╭─ GIVEN RECORDS
text \<open>The empty context word plays the role of the adjoined identity.\<close>

lemma word_presentation_sg_eval:
  assumes S: "is_semigroup S" and gen: "sg_generating S \<Sigma> \<pi>"
  shows "word_presentation S \<Sigma> (words_plus \<Sigma>) (sg_eval S \<pi>)"
proof -
  have \<pi>: "\<pi> ` \<Sigma> \<subseteq> carrier S" and surj: "sg_eval S \<pi> ` words_plus \<Sigma> = carrier S"
    using gen by (auto simp: sg_generating_def)
  define ctx where "ctx x = (if x = [] then None else Some (sg_eval S \<pi> x))" for x
  have plus: "x \<in> words_plus \<Sigma>" if "x \<in> words_star \<Sigma>" "x \<noteq> []" for x
    using that by (simp add: words_plus_def words_star_def)
  have ctx_in: "ctx x \<in> carrier1 S" if "x \<in> words_star \<Sigma>" for x
    using that plus sg_eval_in_carrier[OF S \<pi>] by (auto simp: ctx_def carrier1_def)
  have ctx_surj: "\<exists>x\<in>words_star \<Sigma>. ctx x = a" if a: "a \<in> carrier1 S" for a
  proof (cases a)
    case None
    then show ?thesis by (auto simp: ctx_def words_star_def)
  next
    case (Some c)
    then obtain w where "w \<in> words_plus \<Sigma>" "sg_eval S \<pi> w = c"
      using a surj by (force simp: carrier1_def)
    then show ?thesis
      using Some by (intro bexI[of _ w]) (auto simp: ctx_def words_plus_def words_star_def)
  qed
  have eval_context: "x @ u @ y \<in> words_plus \<Sigma> \<and>
      sg_eval S \<pi> (x @ u @ y) = lmult1 S (ctx x) (rmult1 S (sg_eval S \<pi> u) (ctx y))"
    if x: "x \<in> words_star \<Sigma>" and y: "y \<in> words_star \<Sigma>" and u: "u \<in> words_plus \<Sigma>" for x y u
  proof -
    have uy: "u @ y \<in> words_plus \<Sigma> \<and> sg_eval S \<pi> (u @ y) = rmult1 S (sg_eval S \<pi> u) (ctx y)"
      using u y plus[OF y] sg_eval_append[OF S \<pi> u]
      by (cases "y = []") (auto simp: ctx_def rmult1_def words_plus_def words_star_def)
    show ?thesis
      using uy x plus[OF x] sg_eval_append[OF S \<pi>, of x "u @ y"]
      by (cases "x = []") (auto simp: ctx_def lmult1_def words_plus_def words_star_def)
  qed
  show ?thesis
  proof
    show "x @ u @ y \<in> words_plus \<Sigma>"
      if "x \<in> words_star \<Sigma>" "y \<in> words_star \<Sigma>" "u \<in> words_plus \<Sigma>" for x y u
      using eval_context that by blast
    show "\<exists>a\<in>carrier1 S. \<exists>b\<in>carrier1 S. \<forall>u\<in>words_plus \<Sigma>.
        sg_eval S \<pi> (x @ u @ y) = lmult1 S a (rmult1 S (sg_eval S \<pi> u) b)"
      if "x \<in> words_star \<Sigma>" "y \<in> words_star \<Sigma>" for x y
      using eval_context ctx_in that by blast
    show "\<exists>x\<in>words_star \<Sigma>. \<exists>y\<in>words_star \<Sigma>. \<forall>u\<in>words_plus \<Sigma>.
        sg_eval S \<pi> (x @ u @ y) = lmult1 S a (rmult1 S (sg_eval S \<pi> u) b)"
      if "a \<in> carrier1 S" "b \<in> carrier1 S" for a b
      using eval_context ctx_surj that by metis
  qed (use S surj sg_eval_append[OF S \<pi>] in auto)
qed

lemma mon_eval_Nil [simp]: "mon_eval S \<pi> [] = \<one>\<^bsub>S\<^esub>"
  by (simp add: mon_eval_def)

lemma mon_eval_Cons [simp]: "mon_eval S \<pi> (a # w) = \<pi> a \<otimes>\<^bsub>S\<^esub> mon_eval S \<pi> w"
  by (simp add: mon_eval_def)

lemma mon_eval_in_carrier:
  assumes S: "monoid S" and \<pi>: "\<pi> ` \<Sigma> \<subseteq> carrier S"
  shows "w \<in> words_star \<Sigma> \<Longrightarrow> mon_eval S \<pi> w \<in> carrier S"
  by (induction w) (use \<pi> in \<open>auto simp: words_star_def monoid.m_closed[OF S] monoid.one_closed[OF S]\<close>)

lemma mon_eval_append:
  assumes S: "monoid S" and \<pi>: "\<pi> ` \<Sigma> \<subseteq> carrier S"
  shows "u \<in> words_star \<Sigma> \<Longrightarrow> v \<in> words_star \<Sigma> \<Longrightarrow>
    mon_eval S \<pi> (u @ v) = mon_eval S \<pi> u \<otimes>\<^bsub>S\<^esub> mon_eval S \<pi> v"
  by (induction u)
    (use \<pi> mon_eval_in_carrier[OF S \<pi>] in \<open>auto simp: words_star_def monoid.l_one[OF S]
      monoid.m_assoc[OF S]\<close>)

lemma monoid_is_semigroup: "monoid S \<Longrightarrow> is_semigroup S"
  by (auto simp: is_semigroup_def monoid.m_closed monoid.m_assoc)

text \<open>Multiplication by the value of the empty word realises the adjoined identity.\<close>

lemma word_presentation_mon_eval:
  assumes S: "monoid S" and gen: "mon_generating S \<Sigma> \<pi>"
  shows "word_presentation S \<Sigma> (words_star \<Sigma>) (mon_eval S \<pi>)"
proof -
  have \<pi>: "\<pi> ` \<Sigma> \<subseteq> carrier S" and surj: "mon_eval S \<pi> ` words_star \<Sigma> = carrier S"
    using gen by (auto simp: mon_generating_def)
  note eval_in = mon_eval_in_carrier[OF S \<pi>] and eval_append = mon_eval_append[OF S \<pi>]
  have closed: "x @ u \<in> words_star \<Sigma>" if "x \<in> words_star \<Sigma>" "u \<in> words_star \<Sigma>" for x u
    using that by (simp add: words_star_def)
  have eval_context: "mon_eval S \<pi> (x @ u @ y) =
      lmult1 S (Some (mon_eval S \<pi> x)) (rmult1 S (mon_eval S \<pi> u) (Some (mon_eval S \<pi> y)))"
    if "x \<in> words_star \<Sigma>" "y \<in> words_star \<Sigma>" "u \<in> words_star \<Sigma>" for x y u
    using that closed eval_in by (simp add: eval_append lmult1_def rmult1_def)
  have word_realises: "\<exists>x\<in>words_star \<Sigma>. \<forall>s\<in>carrier S.
      mon_eval S \<pi> x \<otimes>\<^bsub>S\<^esub> s = lmult1 S a s \<and> s \<otimes>\<^bsub>S\<^esub> mon_eval S \<pi> x = rmult1 S s a"
    if a: "a \<in> carrier1 S" for a
  proof (cases a)
    case None
    then show ?thesis
      using S by (intro bexI[of _ "[]"]) (auto simp: words_star_def lmult1_def rmult1_def
          monoid.l_one monoid.r_one)
  next
    case (Some c)
    then obtain w where "w \<in> words_star \<Sigma>" "mon_eval S \<pi> w = c"
      using a surj by (force simp: carrier1_def)
    then show ?thesis
      using Some by (auto simp: lmult1_def rmult1_def)
  qed
  show ?thesis
  proof
    show "\<exists>a\<in>carrier1 S. \<exists>b\<in>carrier1 S. \<forall>u\<in>words_star \<Sigma>.
        mon_eval S \<pi> (x @ u @ y) = lmult1 S a (rmult1 S (mon_eval S \<pi> u) b)"
      if "x \<in> words_star \<Sigma>" "y \<in> words_star \<Sigma>" for x y
    proof -
      have "Some (mon_eval S \<pi> x) \<in> carrier1 S" "Some (mon_eval S \<pi> y) \<in> carrier1 S"
        using that eval_in by (simp_all add: carrier1_def)
      then show ?thesis
        using that eval_context by blast
    qed
    show "\<exists>x\<in>words_star \<Sigma>. \<exists>y\<in>words_star \<Sigma>. \<forall>u\<in>words_star \<Sigma>.
        mon_eval S \<pi> (x @ u @ y) = lmult1 S a (rmult1 S (mon_eval S \<pi> u) b)"
      if a: "a \<in> carrier1 S" and b: "b \<in> carrier1 S" for a b
    proof -
      obtain x where x: "x \<in> words_star \<Sigma>"
        and left: "\<forall>s\<in>carrier S. mon_eval S \<pi> x \<otimes>\<^bsub>S\<^esub> s = lmult1 S a s"
        using word_realises[OF a] by blast
      obtain y where y: "y \<in> words_star \<Sigma>"
        and right: "\<forall>s\<in>carrier S. s \<otimes>\<^bsub>S\<^esub> mon_eval S \<pi> y = rmult1 S s b"
        using word_realises[OF b] by blast
      have "mon_eval S \<pi> (x @ u @ y) = lmult1 S a (rmult1 S (mon_eval S \<pi> u) b)"
        if u: "u \<in> words_star \<Sigma>" for u
      proof -
        have "rmult1 S (mon_eval S \<pi> u) b \<in> carrier S"
          using Some_rmult1_in_carrier1[OF monoid_is_semigroup[OF S] b eval_in[OF u]]
          by (auto simp: carrier1_def)
        then show ?thesis
          using x y u left right closed eval_in by (simp add: eval_append)
      qed
      then show ?thesis
        using x y by blast
    qed
  qed (use monoid_is_semigroup[OF S] surj closed eval_append in auto)
qed

theorem synt_semigroup_iso_idem_quotient:
  assumes "is_semigroup S" and "sg_generating S \<Sigma> \<pi>"
  shows "synt_semigroup \<Sigma> (idem_problem_sg S \<Sigma> \<pi>) \<cong> idem_quotient S"
proof -
  interpret word_presentation S \<Sigma> "words_plus \<Sigma>" "sg_eval S \<pi>"
    using assms by (rule word_presentation_sg_eval)
  show ?thesis
    unfolding idem_problem_sg_def
    by (rule synt_quotient_iso_idem_quotient[OF quotient_magma_synt_semigroup])
qed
╰─
## [THE TASK]
Set down exactly the lines of the listing above, from the line holding "by (rule synt_quotient_iso_idem_quotient[OF" through its last line, with nothing added.

## [WRITTEN SOLUTION]
    by (rule synt_quotient_iso_idem_quotient[OF quotient_magma_synt_semigroup])
qed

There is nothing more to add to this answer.